Il y a quelques années, lors d’une conférence, l’historien Marc Seguin a relaté « les malheurs » que connurent certaines églises du canton de Montendre au XVIe siècle… dont Vallet qui était alors une paroisse à part entière. Entre 1570 et 1580, les Saintongeais auraient subi la décennie la plus douloureuse de leur histoire depuis la Guerre de Cent ans… 

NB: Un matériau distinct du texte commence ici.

(* Let $p\in(1,\infty)$ and let $u\in C(Q_1)$ be a viscosity solution of $\mathcal{L}u-u_t=f$ in $U^+:=\{u>0\}$, where $f$ satisfies $0<c_0\le f\le c_1$. Then for every $(z,s)\in\overline{\{u>0\}}$ and $r>0$ with $Q_r(z,s)\subset Q_1$, $$\sup_{(x,t)\in\partial_pQ^-_r(z,s)}u(x,t)\ge\mu_0r^2+u(z,s),\qquad \mu_0=\min\Big(\frac{pc_0}{4(n+p-2)},\frac{c_0}{2}\Big).$$
   Context: $\mathcal{L}v=\frac1p\Delta v+\frac{p-2}{p}\langle D^2v\frac{\nabla v}{|\nabla v|},\frac{\nabla v}{|\nabla v|}\rangle$; viscosity solutions are defined via $C^2$ test functions, using $\mathcal{L}\phi-\phi_t$ when $\nabla\phi\neq0$, and $\Delta\phi+(p-2)\lambda_{\max}(D^2\phi)-\phi_t$ (if $p\ge2$) or $\Delta\phi+(p-2)\lambda_{\min}(D^2\phi)-\phi_t$ (if $1<p<2$) when $\nabla\phi=0$. $Q_r(z,s)=B_r(z)\times(s-r^2,s+r^2)$, $Q_1=Q_1(0,0)$, $Q^-_r(z,s)=B_r(z)\times(s-r^2,s]$, and $\partial_p$ denotes the parabolic boundary (lateral boundary together with the bottom). *)

theory Defs
  imports "HOL-Analysis.Analysis"
begin

text \<open>Points of space-time are pairs (x,t) with x in R^n (n = CARD('n)) and t real.\<close>

definition cyl :: "real \<Rightarrow> real^'n \<Rightarrow> real \<Rightarrow> ((real^'n) \<times> real) set" where
  "cyl r z s = {(x,t). dist x z < r \<and> s - r^2 < t \<and> t < s + r^2}"

definition Q1 :: "((real^'n) \<times> real) set" where
  "Q1 = cyl 1 0 0"

text \<open>Parabolic boundary of Q^-_r(z,s) = B_r(z) x (s-r^2, s]: lateral part plus bottom.\<close>
definition par_bdry_lower :: "real \<Rightarrow> real^'n \<Rightarrow> real \<Rightarrow> ((real^'n) \<times> real) set" where
  "par_bdry_lower r z s =
     {(x,t). dist x z = r \<and> s - r^2 \<le> t \<and> t \<le> s}
     \<union> {(x,t). dist x z \<le> r \<and> t = s - r^2}"

definition mtrace :: "real^'n^'n \<Rightarrow> real" where
  "mtrace H = (\<Sum>i\<in>UNIV. H $ i $ i)"

definition eig_max :: "real^'n^'n \<Rightarrow> real" where
  "eig_max H = Max {c. \<exists>v. v \<noteq> 0 \<and> H *v v = c *\<^sub>R v}"

definition eig_min :: "real^'n^'n \<Rightarrow> real" where
  "eig_min H = Min {c. \<exists>v. v \<noteq> 0 \<and> H *v v = c *\<^sub>R v}"

text \<open>The normalized p-Laplacian of a test function with gradient g and Hessian H (g nonzero).\<close>
definition Lop :: "real \<Rightarrow> real^'n \<Rightarrow> real^'n^'n \<Rightarrow> real" where
  "Lop p g H = (1/p) * mtrace H + ((p-2)/p) * ((H *v g) \<bullet> g) / (norm g)^2"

Avant d’énumérer leurs malheurs, il est bon de rappeler dans quelle situation se trouve alors le pays. La Réforme, grande révolution religieuse du XVIe siècle, divise l’Europe chrétienne en deux camps distincts, les Catholiques et les Protestants. La puissante congrégation des Jésuites ne parvient pas à « contrecarrer » la percée calviniste. Cette division donne naissance à des guerres sanglantes dont l’épisode le plus connu est la Saint-Barthélemy, le 24 août 1572. Aux croyances des uns et des autres, se mêlent passions et convoitises “terrestres” avec, en filigrane, le sacro-saint pouvoir.
La Saintonge n’est pas épargnée. Particularité, la sénéchaussée de Saintonge compte deux sièges, Saint-Jean d’Angely, au Nord et Saintes au Sud. En véritable capitale locale, cette dernière dispose d’un présidial et d’un sénéchal. Les affaires sont traitées au Parlement de Bordeaux qui se réunit au Palais de l’Ombrière, représentant de l’autorité. Le territoire est composé de châtellenies. Elles sont approximativement de la taille des anciens cantons, à part Ozillac et Fontaines d’Ozillac qui n’appartiennent pas à Jonzac.
Dans les zones occupées par les Protestants, la messe n’est plus célébrée depuis dix ans et les églises sont gravement endommagées.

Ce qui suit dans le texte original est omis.